Research towards the synthesis of (+)-crobarbatic acid via the anodic oxidation of ketene dithioacetals

Our group is interested in the study and use of radical cation intermediates formed by anodic oxidation of electron rich olefins. When the radical cation intermediate contains an intramolecular nucleophile, the nucleophile can trap the radical cation resulting in a cyclization reaction. The anodic oxidation can reverse the polarity of functional groups and therefore can cause umpolung reactions. These reactions allow unusual synthetic disconnections to be used, thus increasing the synthetic options available.;Our group previously demonstrated that a hydroxyl group can trap a radical cation, formed by anodically oxidizing a ketene dithioacetal, to form a cyclic ether. By using an tertiary amide as the trapping group, a five-member lactone may be formed. These reactions can be used to stereoselectively form a tetrasubstituted center. We have found that the addition of water to the electrolysis reaction increases the yield of the lactone.

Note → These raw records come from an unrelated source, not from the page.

lemma second_difference_mvt:
  fixes f :: "real^'m \<Rightarrow> real"
  assumes U: "open U" and B: "ball x r \<subseteq> U" and h: "0 < h" "2 * h < r"
    and fd: "f differentiable_on U" and fid: "pd f i differentiable_on U"
  obtains s t where "0 < s" "s < h" "0 < t" "t < h"
    "f (x + h *\<^sub>R axis i 1 + h *\<^sub>R axis j 1) - f (x + h *\<^sub>R axis i 1) - f (x + h *\<^sub>R axis j 1) + f x
       = h * h * pd (pd f i) j (x + s *\<^sub>R axis i 1 + t *\<^sub>R axis j 1)"
proof -
  define a :: "real^'m" where "a = axis i 1"
  define b :: "real^'m" where "b = axis j 1"
  have inU: "x + s *\<^sub>R a + t *\<^sub>R b \<in> U" if "0 \<le> s" "s \<le> h" "0 \<le> t" "t \<le> h" for s t
  proof -
    have "dist (x + s *\<^sub>R a + t *\<^sub>R b) x < r"
      using dist_axis_steps_le[of s t x i j] that h unfolding a_def b_def by linarith
    then show ?thesis using B by (auto simp: dist_commute)
  qed
  have fda: "f differentiable (at z)" if "z \<in> U" for z
    using fd U that differentiable_on_eq_differentiable_at by blast
  have fida: "pd f i differentiable (at z)" if "z \<in> U" for z
    using fid U that differentiable_on_eq_differentiable_at by blast
  define \<phi> where "\<phi> s = f ((x + h *\<^sub>R b) + s *\<^sub>R a) - f (x + s *\<^sub>R a)" for s
  have "DERIV \<phi> s :> pd f i ((x + h *\<^sub>R b) + s *\<^sub>R a) - pd f i (x + s *\<^sub>R a)"
    if "0 \<le> s" "s \<le> h" for s
    unfolding \<phi>_def a_def
  proof (rule DERIV_diff)
    show "((\<lambda>s. f (x + h *\<^sub>R b + s *\<^sub>R axis i 1)) has_real_derivative pd f i (x + h *\<^sub>R b + s *\<^sub>R axis i 1)) (at s)"
      by (rule has_real_derivative_pd_along_axis, rule fda)
        (use inU[of s h] that h in \<open>simp add: a_def algebra_simps\<close>)
    show "((\<lambda>s. f (x + s *\<^sub>R axis i 1)) has_real_derivative pd f i (x + s *\<^sub>R axis i 1)) (at s)"
      by (rule has_real_derivative_pd_along_axis, rule fda)
        (use inU[of s 0] that h in \<open>simp add: a_def algebra_simps\<close>)
  qed
  from MVT2[OF h(1) this] obtain s where s: "0 < s" "s < h"
    "\<phi> h - \<phi> 0 = h * (pd f i ((x + h *\<^sub>R b) + s *\<^sub>R a) - pd f i (x + s *\<^sub>R a))"
    by auto
  define \<psi> where "\<psi> t = pd f i ((x + s *\<^sub>R a) + t *\<^sub>R b)" for t
  have "DERIV \<psi> t :> pd (pd f i) j ((x + s *\<^sub>R a) + t *\<^sub>R b)" if "0 \<le> t" "t \<le> h" for t
    unfolding \<psi>_def b_def
    by (rule has_real_derivative_pd_along_axis, rule fida) (use inU[of s t] that s in \<open>simp add: b_def\<close>)
  from MVT2[OF h(1) this] obtain t where t: "0 < t" "t < h"
    "\<psi> h - \<psi> 0 = h * pd (pd f i) j ((x + s *\<^sub>R a) + t *\<^sub>R b)"
    by auto
  have "f (x + h *\<^sub>R a + h *\<^sub>R b) - f (x + h *\<^sub>R a) - f (x + h *\<^sub>R b) + f x = \<phi> h - \<phi> 0"
    unfolding \<phi>_def by (simp add: algebra_simps)
  also have "\<dots> = h * (\<psi> h - \<psi> 0)"
    using s(3) unfolding \<psi>_def by (simp add: algebra_simps)
  also have "\<dots> = h * h * pd (pd f i) j (x + s *\<^sub>R a + t *\<^sub>R b)"
    using t(3) by simp
  finally show ?thesis using that s t unfolding a_def b_def by blast
qed

text \<open>Both mixed partials are limits of the same second difference quotient.\<close>

lemma pd_pd_commute:
  fixes f :: "real^'m \<Rightarrow> real"
  assumes U: "open U" "x \<in> U"
    and fd: "f differentiable_on U" and fid: "pd f i differentiable_on U" and fjd: "pd f j differentiable_on U"
    and c1: "continuous_on U (pd (pd f i) j)" and c2: "continuous_on U (pd (pd f j) i)"
  shows "pd (pd f i) j x = pd (pd f j) i x"
proof (rule ccontr)
  assume "pd (pd f i) j x \<noteq> pd (pd f j) i x"
  then have e: "\<bar>pd (pd f i) j x - pd (pd f j) i x\<bar> / 2 > 0" (is "?e > 0")
    by simp
  obtain r where r: "r > 0" "ball x r \<subseteq> U"
    using U open_contains_ball by blast
  have "isCont (pd (pd f i) j) x"
    using c1 U continuous_on_eq_continuous_at by blast
  then obtain d1 where d1: "d1 > 0" "\<And>y. dist y x < d1 \<Longrightarrow> dist (pd (pd f i) j y) (pd (pd f i) j x) < ?e"
    using e unfolding continuous_at_eps_delta by blast
  have "isCont (pd (pd f j) i) x"
    using c2 U continuous_on_eq_continuous_at by blast
  then obtain d2 where d2: "d2 > 0" "\<And>y. dist y x < d2 \<Longrightarrow> dist (pd (pd f j) i y) (pd (pd f j) i x) < ?e"
    using e unfolding continuous_at_eps_delta by blast
  define h where "h = min r (min d1 d2) / 4"
  have h: "0 < h" "2 * h < r" "2 * h < d1" "2 * h < d2"
    using r d1 d2 by (auto simp: h_def)
  obtain s t where st: "0 < s" "s < h" "0 < t" "t < h" and
    A: "f (x + h *\<^sub>R axis i 1 + h *\<^sub>R axis j 1) - f (x + h *\<^sub>R axis i 1) - f (x + h *\<^sub>R axis j 1) + f x
       = h * h * pd (pd f i) j (x + s *\<^sub>R axis i 1 + t *\<^sub>R axis j 1)"
    using second_difference_mvt[OF U(1) r(2) h(1) h(2) fd fid] by blast
  obtain s' t' where st': "0 < s'" "s' < h" "0 < t'" "t' < h" and
    B: "f (x + h *\<^sub>R axis j 1 + h *\<^sub>R axis i 1) - f (x + h *\<^sub>R axis j 1) - f (x + h *\<^sub>R axis i 1) + f x
       = h * h * pd (pd f j) i (x + s' *\<^sub>R axis j 1 + t' *\<^sub>R axis i 1)"
    using second_difference_mvt[OF U(1) r(2) h(1) h(2) fd fjd] by blast
  have "x + h *\<^sub>R axis j 1 + h *\<^sub>R axis i 1 = x + h *\<^sub>R axis i 1 + h *\<^sub>R axis j 1"
    by (simp add: algebra_simps)
  with A B have "h * h * pd (pd f i) j (x + s *\<^sub>R axis i 1 + t *\<^sub>R axis j 1)
      = h * h * pd (pd f j) i (x + s' *\<^sub>R axis j 1 + t' *\<^sub>R axis i 1)"
    by (simp add: algebra_simps)
  then have eq: "pd (pd f i) j (x + s *\<^sub>R axis i 1 + t *\<^sub>R axis j 1)
      = pd (pd f j) i (x + s' *\<^sub>R axis j 1 + t' *\<^sub>R axis i 1)"
    using h(1) by simp
  have "dist (pd (pd f i) j (x + s *\<^sub>R axis i 1 + t *\<^sub>R axis j 1)) (pd (pd f i) j x) < ?e"
    using d1(2) dist_axis_steps_le[of s t x i j] st h by force
  moreover have "dist (pd (pd f j) i (x + s' *\<^sub>R axis j 1 + t' *\<^sub>R axis i 1)) (pd (pd f j) i x) < ?e"
    using d2(2) dist_axis_steps_le[of s' t' x j i] st' h by force
  ultimately show False
    unfolding eq dist_real_def by (auto simp: abs_if split: if_splits)
qed

lemma coord_smooth_pd: "coord_smooth U f \<Longrightarrow> coord_smooth U (pd f i)"
  unfolding coord_smooth_def by (metis coord_Ck.simps(2))

lemma coord_smooth_differentiable_on: "coord_smooth U f \<Longrightarrow> f differentiable_on U"
  unfolding coord_smooth_def by (metis coord_Ck.simps(2))

lemma coord_smooth_continuous_on: "coord_smooth U f \<Longrightarrow> continuous_on U f"
  unfolding coord_smooth_def by (metis coord_Ck.simps(1))

lemma coord_smooth_differentiable_at:
  "coord_smooth U f \<Longrightarrow> open U \<Longrightarrow> x \<in> U \<Longrightarrow> f differentiable (at x)"
  using coord_smooth_differentiable_on differentiable_on_eq_differentiable_at by blast

lemma coord_smooth_pd_pd_commute:
  assumes "coord_smooth U f" "open U" "x \<in> U"
  shows "pd (pd f i) j x = pd (pd f j) i x"
  using assms
  by (intro pd_pd_commute coord_smooth_differentiable_on coord_smooth_continuous_on coord_smooth_pd)

section \<open>The inverse metric and the Christoffel symbols\<close>

lemma differentiable_prod:
  fixes f :: "'k \<Rightarrow> 'a::real_normed_vector \<Rightarrow> real"
  assumes "\<And>k. k \<in> S \<Longrightarrow> f k differentiable (at x)"
  shows "(\<lambda>y. \<Prod>k\<in>S. f k y) differentiable (at x)"
proof -
  have "\<forall>k\<in>S. \<exists>f'. (f k has_derivative f') (at x)"
    using assms unfolding differentiable_def by blast
  then obtain F where F: "\<And>k. k \<in> S \<Longrightarrow> (f k has_derivative F k) (at x)" by metis
  show ?thesis unfolding differentiable_def by (rule exI, rule has_derivative_prod) (use F in auto)
qed

lemma differentiable_det:
  fixes F :: "'a::real_normed_vector \<Rightarrow> 'n::finite \<Rightarrow> 'n \<Rightarrow> real"
  assumes "\<And>a b. (\<lambda>y. F y a b) differentiable (at x)"
  shows "(\<lambda>y. det (\<chi> a b. F y a b)) differentiable (at x)"
  unfolding det_def
  by (auto intro!: differentiable_sum differentiable_mult differentiable_prod assms simp: finite_permutations)

lemma invertible_if_posdef:
  fixes A :: "real^'n^'n"
  assumes "\<forall>v. v \<noteq> 0 \<longrightarrow> bil (\<lambda>i j. A$i$j) v v > 0"
  shows "invertible A"
proof -
  have "\<forall>v. A *v v = 0 \<longrightarrow> v = 0"
  proof (intro allI impI)
    fix v assume Av: "A *v v = 0"
    have "bil (\<lambda>i j. A$i$j) v v = (\<Sum>i\<in>UNIV. v$i * (A *v v)$i)"
      unfolding bil_def matrix_vector_mult_def by (simp add: sum_distrib_left algebra_simps)
    also have "\<dots> = 0" using Av by simp
    finally show "v = 0" using assms by force
  qed
  then show ?thesis using invertible_left_inverse matrix_left_invertible_ker by blast
qed

lemma matrix_inv_right:
  fixes A :: "'a::semiring_1^'n^'n"
  assumes "invertible A"
  shows "A ** matrix_inv A = mat 1"
  using assms unfolding invertible_def matrix_inv_def
  by (rule someI_ex[where P="\<lambda>A'. A ** A' = mat 1 \<and> A' ** A = mat 1", THEN conjunct1])

lemma invertible_metric:
  fixes g :: "real^'m \<Rightarrow> 'm \<Rightarrow> 'm \<Rightarrow> real"
  assumes "riem_metric U g" "x \<in> U"
  shows "invertible (\<chi> a b. g x a b)"
  by (rule invertible_if_posdef) (use assms in \<open>simp add: riem_metric_def\<close>)

lemma mult_delta_right [simp]: "(a::real) * (if P then 1 else 0) = (if P then a else 0)"
  by simp

lemma mult_delta_left [simp]: "(if P then 1 else 0) * (a::real) = (if P then a else 0)"
  by simp

lemma metric_ginv_right:
  fixes g :: "real^'m \<Rightarrow> 'm \<Rightarrow> 'm \<Rightarrow> real"
  assumes "riem_metric U g" "x \<in> U"
  shows "(\<Sum>k\<in>UNIV. g x j k * ginv g x k l) = (if j = l then 1 else 0)"
proof -
  have "(\<chi> a b. g x a b) ** matrix_inv (\<chi> a b. g x a b) = mat 1"
    by (rule matrix_inv_right[OF invertible_metric[OF assms]])
  then have "((\<chi> a b. g x a b) ** matrix_inv (\<chi> a b. g x a b)) $ j $ l = mat 1 $ j $ l" by simp
  then show ?thesis unfolding ginv_def matrix_matrix_mult_def mat_def by simp
qed

lemma ginv_cramer:
  fixes g :: "real^'m \<Rightarrow> 'm \<Rightarrow> 'm \<Rightarrow> real"
  assumes "riem_metric U g" "x \<in> U"
  shows "ginv g x k l = det (\<chi> a b. if b = k then (axis l 1 :: real^'m) $ a else g x a b)
    / det (\<chi> a b. g x a b :: real^'m^'m)"
proof -
  let ?A = "(\<chi> a b. g x a b) :: real^'m^'m"
  let ?c = "\<chi> k. matrix_inv ?A $ k $ l"
  have inv: "invertible ?A"
    by (rule invertible_metric[OF assms])
  then have d: "det ?A \<noteq> 0"
    by (simp add: invertible_det_nz)
  have "?A *v ?c = axis l 1"
    using matrix_inv_right[OF inv]
    by (simp add: vec_eq_iff matrix_vector_mult_def matrix_matrix_mult_def mat_def axis_def)
  then have "?c = (\<chi> k. det (\<chi> i j. if j = k then (axis l 1 :: real^'m) $ i else ?A $ i $ j) / det ?A)"
    using cramer[OF d] by blast
  then have "?c $ k = (\<chi> k. det (\<chi> i j. if j = k then (axis l 1 :: real^'m) $ i else ?A $ i $ j) / det ?A) $ k"
    by (rule arg_cong)
  moreover have A: "?A $ i $ j = g x i j" for i j
    by simp
  ultimately show ?thesis
    unfolding ginv_def by (simp only: A vec_lambda_beta)
qed

lemma differentiable_ginv:
  fixes g :: "real^'m \<Rightarrow> 'm \<Rightarrow> 'm \<Rightarrow> real"
  assumes "riem_metric U g" "open U" "x \<in> U"
  shows "(\<lambda>y. ginv g y k l) differentiable (at x)"
proof -
  define N where "N y = det (\<chi> a b. if b = k then (axis l 1 :: real^'m) $ a else g y a b)" for y
  define D where "D y = det (\<chi> a b. g y a b :: real^'m^'m)" for y
  have gd: "(\<lambda>y. g y a b) differentiable (at x)" for a b
    using assms by (auto simp: riem_metric_def intro: coord_smooth_differentiable_at)
  have "(\<lambda>y. N y / D y) differentiable (at x)"
  proof (rule differentiable_divide)
    show "N differentiable (at x)"
      unfolding N_def
    proof (rule differentiable_det)
      fix a b
      show "(\<lambda>y. if b = k then (axis l 1 :: real^'m) $ a else g y a b) differentiable (at x)"
        by (cases "b = k") (simp_all add: gd)
    qed
    show "D differentiable (at x)"
      unfolding D_def by (rule differentiable_det) (rule gd)
    show "D x \<noteq> 0"
      using invertible_metric[OF assms(1,3)] by (simp add: D_def invertible_det_nz)
  qed
  then obtain D' where "((\<lambda>y. N y / D y) has_derivative D') (at x)"
    unfolding differentiable_def by blast
  then have "((\<lambda>y. ginv g y k l) has_derivative D') (at x)"
    by (rule has_derivative_transform_within_open[OF _ assms(2,3)])
      (simp add: ginv_cramer[OF assms(1)] N_def D_def)
  then show ?thesis
    unfolding differentiable_def by blast
qed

This yield increase is apparently due to the water hydrolyzing the imminium ion, which is initially formed, to the desired product before the imminium ion can undergo undesired side reactions.;To test the stereoselectivity of this cyclization, we targeted the synthesis of (+)-crobarbatic acid. An enantiopure amide ketene dithioacetal was synthesized. Upon electrolysis, this substrate yielded a single isomer. However, this isomer is epimeric with the configuration required for crobarbatic acid.;To obtain the desired stereochemistry, we are synthesizing an electrolysis substrate which contains functional groups that are compatible with the electrolysis reaction and can be transformed to the final product after the electrolysis reaction sets the configuration of the lactone ring's tetrasubstituted center. One of these transformations is the conversion of the methoxy dithioacetal group, formed by one end of the ketene dithioacetal group during electrolysis, to a methyl group. Exploration of this transformation has shown that the methoxy dithioacetal functional group potentially has rich synthetic applications.